AZD9291 acrylamide optimisation

The data obtained from the model compound was used for designing the optimisation of AZD9291 acrylamide 3. The same reactor set-up and reaction route was used as the above transformations, with the exception of the aniline substrate used. A solution of the hydrochloride salt of 1 (0.8 HCl) was used as the free aniline had very low solubility in the solvent mixture. The optimisation limits are displayed in Table 2, the flow rates of which correspond to a calculated residence time between 4 and 22 minutes. The temperature range has increased from the model compound as poor conversion of 1 was achieved during initial experiments at lower temperatures.
Table 2 Optimisation condition limits for the AZD9291 acrylamide reaction
Limit Pump A/mL min−1 Pump B/eq. Pump C/eq. Temperature/°C
Pump A reservoir 0.136 mol L−1 aniline 1, 0.0255 mol L−1 biphenyl, pump B reservoir 1.20 mol L−1 triethylamine, pump C reservoir 0.500 mol L−1 acid chloride 2.
Min 0.080 2.2 0.75 80
Max 0.150 15 3.0 150


The results of the yield optimisation are displayed in Fig. 5. The optimum conditions (0.11 mL min−11, 2.65 eq. 2, 10.5 eq. NEt3, 123.9 °C, 9.36 min in 89%) are slightly different to that of the model compound. The optimum point for our model system was at the lowest flow rate of the aniline, thereby maximising the residence time, however, the flow rate of 1 is towards the middle of the limits. Fig. 4 shows a clear interrelationship between the flow rate of 1 and the temperature required for high yield. The productivity of the reactor system can be significantly increased, if the flow rate of 1 is increased a corresponding increase in reaction temperature can be used to maintain a high yield with only marginal decreases from the maximum observed yield.


image file: c6re00059b-f5.tif
Fig. 5 Multidimensional plot of the optimisation of acrylamide 3. The three axis flow rate shows the aniline 1 flow rate (x-axis), acid chloride 2 eq. (y-axis) and temperature (z-axis). The size of the point corresponds to the molar eq. of NEt3, the color is the yield. Optimum conditions: 9.36 min, 123.9 °C, 10.5 eq. NEt3, 2.7 eq. 2 are highlighted by the star.

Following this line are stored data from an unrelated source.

definition straight_field :: "(nat \<Rightarrow> real^'n^'n) \<Rightarrow> nat \<Rightarrow> real^'n^'n \<Rightarrow> real \<Rightarrow> real^'n^'n" where
  "straight_field P M X t = (if t < 1 then (1 / (1 - t)) *\<^sub>R (nearest P M X - X) else 0)"

lemma straight_field_measurable:
  "(\<lambda>z. straight_field P M (fst z) (snd z)) \<in> borel_measurable borel"
  unfolding straight_field_def borel_prod[symmetric] by measurable

lemma straight_field_interp:
  assumes "M > 0" "inj_on P {..<M}" "0 \<le> t" "t < 1"
  shows "straight_field P M (interp P M X t) t = nearest P M X - X"
proof -
  have "nearest P M (interp P M X t) = nearest P M X"
    using nearest_index_interp[OF assms] by (simp add: nearest_eq_nearest_index)
  moreover have "nearest P M X - interp P M X t = (1 - t) *\<^sub>R (nearest P M X - X)"
    by (simp add: interp_def algebra_simps)
  ultimately show ?thesis
    using assms(4) by (simp add: straight_field_def)
qed

lemma prob_space_uniform_01: "prob_space (uniform_measure lborel {0..1::real})"
  by (intro prob_space_uniform_measure) auto

lemma AE_uniform_01: "AE t in uniform_measure lborel {0..1::real}. 0 \<le> t \<and> t < 1"
proof -
  have "AE t in lborel. t \<noteq> (1::real)"
    by (rule AE_lborel_singleton)
  then show ?thesis
    by (intro AE_uniform_measureI) (auto elim!: AE_mp)
qed

lemma sets_pair_uniform_01:
  assumes "sets mu0 = sets (borel :: 'a::second_countable_topology measure)"
  shows "sets (uniform_measure lborel {0..1::real} \<Otimes>\<^sub>M mu0) = sets (borel :: (real \<times> 'a) measure)"
  using assms by (simp add: sets_pair_measure_cong[OF _ assms] borel_prod[symmetric])

lemma cfm_residual_measurable:
  assumes "(\<lambda>z. v (fst z) (snd z)) \<in> borel_measurable borel" "sets mu0 = sets borel"
  shows "(\<lambda>z. v (interp P M (snd z) (fst z)) (fst z) - (nearest P M (snd z) - snd z))
           \<in> borel_measurable (uniform_measure lborel {0..1::real} \<Otimes>\<^sub>M mu0)"
proof -
  have "(\<lambda>z. (interp P M (snd z) (fst z), fst z)) \<in> borel_measurable borel"
    unfolding interp_def borel_prod[symmetric] by measurable
  from measurable_compose[OF this assms(1)]
  have [measurable]: "(\<lambda>z. v (interp P M (snd z) (fst z)) (fst z)) \<in> borel_measurable (borel \<Otimes>\<^sub>M borel)"
    by (simp add: borel_prod)
  show ?thesis
    unfolding measurable_cong_sets[OF sets_pair_uniform_01[OF assms(2)] refl] borel_prod[symmetric]
    by measurable
qed

lemma L_CFM_eq_0_iff:
  assumes "(\<lambda>z. v (fst z) (snd z)) \<in> borel_measurable borel" "sets mu0 = sets borel"
  shows "L_CFM mu0 P M v = 0 \<longleftrightarrow>
           (AE z in uniform_measure lborel {0..1::real} \<Otimes>\<^sub>M mu0.
              v (interp P M (snd z) (fst z)) (fst z) = nearest P M (snd z) - snd z)"
  unfolding L_CFM_def frob_eq_norm
  using cfm_residual_measurable[OF assms, where P = P and M = M]
  by (subst nn_integral_0_iff_AE) auto

lemma L_CFM_straight_field:
  assumes "M > 0" "inj_on P {..<M}" "prob_space mu0" "sets mu0 = sets borel"
  shows "L_CFM mu0 P M (straight_field P M) = 0"
proof -
  let ?U = "uniform_measure lborel {0..1::real}"
  interpret U: prob_space ?U by (rule prob_space_uniform_01)
  interpret mu: prob_space mu0 by (rule assms)
  interpret pair_prob_space ?U mu0 ..
  have "AE z in ?U \<Otimes>\<^sub>M mu0. 0 \<le> fst z \<and> fst z < 1"
    by (rule AE_pair_measure) (measurable, use AE_uniform_01 in \<open>auto elim!: AE_mp\<close>)
  then show ?thesis
    unfolding L_CFM_eq_0_iff[OF straight_field_measurable assms(4)]
    by (rule AE_mp) (auto simp: straight_field_interp[OF assms(1,2)])
qed

lemma AE_cfm_minimizer_velocity:
  assumes "M > 0" "inj_on P {..<M}" "prob_space mu0" "sets mu0 = sets borel"
    and v_meas: "(\<lambda>z. v (fst z) (snd z)) \<in> borel_measurable borel"
    and v_min: "\<forall>w. (\<lambda>z. w (fst z) (snd z)) \<in> borel_measurable borel \<longrightarrow>
                   L_CFM mu0 P M v \<le> L_CFM mu0 P M w"
  shows "AE X in mu0. AE t in uniform_measure lborel {0..1::real}.
           v (interp P M X t) t = nearest P M X - X"
proof -
  let ?U = "uniform_measure lborel {0..1::real}"
  let ?Q = "\<lambda>t X. v (interp P M X t) t = nearest P M X - X"
  interpret U: prob_space ?U by (rule prob_space_uniform_01)
  interpret mu: prob_space mu0 by (rule assms)
  interpret pair_prob_space ?U mu0 ..
  have "L_CFM mu0 P M v \<le> L_CFM mu0 P M (straight_field P M)"
    using v_min straight_field_measurable by blast
  then have "L_CFM mu0 P M v = 0"
    by (simp add: L_CFM_straight_field[OF assms(1-4)])
  then have ae: "AE z in ?U \<Otimes>\<^sub>M mu0. ?Q (fst z) (snd z)"
    using L_CFM_eq_0_iff[OF v_meas assms(4)] by simp
  have Q_sets: "{z \<in> space (?U \<Otimes>\<^sub>M mu0). ?Q (fst z) (snd z)} \<in> sets (?U \<Otimes>\<^sub>M mu0)"
  proof -
    note cfm_residual_measurable[OF v_meas assms(4), where P = P and M = M, measurable]
    have "{z \<in> space (?U \<Otimes>\<^sub>M mu0).
            v (interp P M (snd z) (fst z)) (fst z) - (nearest P M (snd z) - snd z) = 0}
          \<in> sets (?U \<Otimes>\<^sub>M mu0)"
      by measurable
    then show ?thesis
      by simp
  qed
  show ?thesis
    using ae unfolding AE_pair_iff[OF Q_sets, symmetric] AE_commute[OF Q_sets] .
qed

lemma ode_solution_interp:
  assumes "AE t in uniform_measure lborel {0..1::real}. v (interp P M X t) t = nearest P M X - X"
  shows "ode_solution v X (interp P M X)"
  unfolding ode_solution_def
proof
  let ?Q = "\<lambda>s. v (interp P M X s) s = nearest P M X - X"
  fix t :: real assume t: "t \<in> {0..1}"
  have "AE s in lborel. s \<in> {0..1} \<longrightarrow> ?Q s"
    using assms by (subst (asm) AE_uniform_measure) auto
  then obtain N where N: "{s \<in> space lborel. \<not> (s \<in> {0..1} \<longrightarrow> ?Q s)} \<subseteq> N"
    "emeasure lborel N = 0" "N \<in> sets lborel"
    by (rule AE_E)
  have "negligible N"
    unfolding negligible_iff_null_sets using N(2,3) by (intro null_sets_completionI) auto
  have "((\<lambda>s. nearest P M X - X) has_integral (measure lborel {0..t} *\<^sub>R (nearest P M X - X))) {0..t}"
    by (rule has_integral_const_real)
  moreover have "measure lborel {0..t} *\<^sub>R (nearest P M X - X) = interp P M X t - X"
    using t by (simp add: interp_def algebra_simps)
  ultimately have "((\<lambda>s. nearest P M X - X) has_integral (interp P M X t - X)) {0..t}"
    by simp
  then show "((\<lambda>s. v (interp P M X s) s) has_integral (interp P M X t - X)) {0..t}"
  proof (rule has_integral_spike[OF \<open>negligible N\<close>, rotated])
    fix s assume "s \<in> {0..t} - N"
    with t N(1) show "v (interp P M X s) s = nearest P M X - X"
      by auto
  qed
qed

lemma AE_flow_endpoint_eq_nearest:
  assumes "M > 0" "inj_on P {..<M}" "prob_space mu0" "sets mu0 = sets borel"
    and "(\<lambda>z. v (fst z) (snd z)) \<in> borel_measurable borel"
    and "\<forall>w. (\<lambda>z. w (fst z) (snd z)) \<in> borel_measurable borel \<longrightarrow>
                   L_CFM mu0 P M v \<le> L_CFM mu0 P M w"
    and flow: "AE X0 in mu0. (\<exists>\<gamma>. ode_solution v X0 \<gamma>) \<and>
                  (\<forall>\<gamma>. ode_solution v X0 \<gamma> \<longrightarrow> \<gamma> 1 = \<Phi> X0)"
  shows "AE X in mu0. \<Phi> X = nearest P M X"
  using AE_cfm_minimizer_velocity[OF assms(1-6)] flow
proof eventually_elim
  case (elim X)
  then have "interp P M X 1 = \<Phi> X"
    using ode_solution_interp by blast
  then show ?case
    by (simp add: interp_def)
qed

lemma measure_PiM_PiE_power:
  assumes "prob_space M" "A \<in> sets M"
  shows "measure (PiM {..<K} (\<lambda>_. M)) (PiE {..<K} (\<lambda>_. A)) = measure M A ^ K"
proof -
  interpret M: prob_space M by (rule assms)
  interpret product_prob_space "\<lambda>_. M" "{..<K}" ..
  have "emeasure (PiM {..<K} (\<lambda>_. M)) (PiE {..<K} (\<lambda>_. A)) = (\<Prod>i<K. emeasure M A)"
    using assms(2) by (intro emeasure_PiM) auto
  also have "\<dots> = ennreal (measure M A ^ K)"
    by (simp add: M.emeasure_eq_measure ennreal_power)
  finally show ?thesis
    by (simp add: measure_def)
qed

lemma measure_PiM_hits_all_ge:
  fixes D :: "nat \<Rightarrow> 'a set" and K :: nat
  assumes "prob_space M" and D: "\<And>i. i < m \<Longrightarrow> D i \<in> sets M"
  defines "H \<equiv> {xs \<in> space (PiM {..<K} (\<lambda>_. M)). \<forall>i<m. \<exists>k<K. xs k \<in> D i}"
  shows "H \<in> sets (PiM {..<K} (\<lambda>_. M))"
    and "1 - (\<Sum>i<m. (1 - measure M (D i)) ^ K) \<le> measure (PiM {..<K} (\<lambda>_. M)) H"
proof -
  let ?Pi = "PiM {..<K} (\<lambda>_. M)"
  interpret M: prob_space M by (rule assms)
  interpret Pi: prob_space ?Pi by (intro prob_space_PiM assms)
  define F where "F i = PiE {..<K} (\<lambda>_. space M - D i)" for i
  have F_sets: "F i \<in> sets ?Pi" if "i < m" for i
    unfolding F_def using D[OF that] by (intro sets_PiM_I_finite) auto
  have H_eq: "H = space ?Pi - (\<Union>i<m. F i)"
    unfolding H_def F_def space_PiM by (auto simp: PiE_iff extensional_def)
  then show H_sets: "H \<in> sets ?Pi"
    using F_sets by auto
  have "measure ?Pi (\<Union>i<m. F i) \<le> (\<Sum>i<m. measure ?Pi (F i))"
    using F_sets by (intro measure_UNION_le) auto
  also have "\<dots> = (\<Sum>i<m. (1 - measure M (D i)) ^ K)"
    using D by (simp add: F_def measure_PiM_PiE_power[OF assms(1)] M.prob_compl)
  finally show "1 - (\<Sum>i<m. (1 - measure M (D i)) ^ K) \<le> measure ?Pi H"
    unfolding H_eq using F_sets by (subst Pi.prob_compl) auto
qed

lemma AE_PiM_hits_all_cong:
  fixes K :: nat
  assumes "prob_space M" "AE x in M. \<forall>i<m. x \<in> D i \<longleftrightarrow> x \<in> E i"
  shows "AE xs in PiM {..<K} (\<lambda>_. M). (\<forall>i<m. \<exists>k<K. xs k \<in> D i) \<longleftrightarrow> (\<forall>i<m. \<exists>k<K. xs k \<in> E i)"
proof -
  have "AE xs in PiM {..<K} (\<lambda>_. M). \<forall>k\<in>{..<K}. \<forall>i<m. xs k \<in> D i \<longleftrightarrow> xs k \<in> E i"
    by (intro eventually_ball_finite ballI AE_PiM_component[OF assms(1) _ assms(2)]) auto
  then show ?thesis
    by (rule eventually_mono) (simp only: Ball_def lessThan_iff, blast)
qed

lemma measure_completion_AE_eq:
  assumes "A \<in> sets M" "B \<subseteq> space M" "AE x in M. x \<in> A \<longleftrightarrow> x \<in> B"
  shows "measure (completion M) B = measure M A"
proof -
  have ae: "AE x in completion M. x \<in> A \<longleftrightarrow> x \<in> B"
    using assms(3) by (rule AE_completion)
  have A: "A \<in> sets (completion M)"
    using assms(1) by (rule sets_completionI_sets)
  have B: "B \<in> sets (completion M)"
    using completion.in_sets_AE[OF ae A] assms(2) by simp
  show ?thesis
    using measure_eq_AE[OF ae A B] assms(1) by simp
qed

The optimum region requires high equivalents of 2 unlike the model compound and exhibits a higher temperature dependence. This is possibly due to the lower reactivity of 1 compared to the less substituted model compound resulting in greater competition from the hydrolysis of 2. In addition the pre-equilibrium (to deprotonate the HCl salt of 1) and amide coupling steps may be mixing sensitive and may consequently require high flow rates through the mixing tees as mixing increases with flow rate through a tee-piece.25 The material minimisation functions improved the efficiency of material use, calculations showed a reduction in material use of 22%.

Conclusions

Presented is the novel application of implementing a self-optimising automated flow reactor for a 2-step telescope in the synthesis of an active pharmaceutical ingredient. The concept was tested on a model substrate, which aided experimental set-up and data analysis for the optimisation of 3. The model optimisations also provided enough information to be able to predict impurity formation mechanisms and optimised the synthesis of the model compound 6 to a yield of 92%. The second optimisation provided conditions to generate 3 in 89% yield. Overall, the rapid automated optimisation of 3 required 42 separate experiments, which used 10 g of material and overall run time of 26 hours (average of ~240 mg per experiment). The use of self-optimising systems allows swift exploration and process optimisation even of multistage reaction systems without human intervention. Crucially, this enables researchers to focus their effort on the scientifically challenging aspects whilst the automation system performs the routine experimentation.

Acknowledgements

The authors would like to thank Simon Pointon, Gwydion Churchill, Martin Jones, Mubina Mohamed, Anne O′Kearney-McMullan and the AZD9291 team for technical support. We would also like to thank Martin Huscroft, Anthony Bristow, Andrew Ray and Simon Barrett for analytical support, Matthew Broadbent for workshop support as well as Katherine Jolley, Jessica Breen and Bao Nguyen. NH thanks the EPSRC, AstraZeneca and University of Leeds for a DTG CASE funded studentship. RAB thanks the Royal Academy of Engineering for funding an industrial secondment at AstraZeneca.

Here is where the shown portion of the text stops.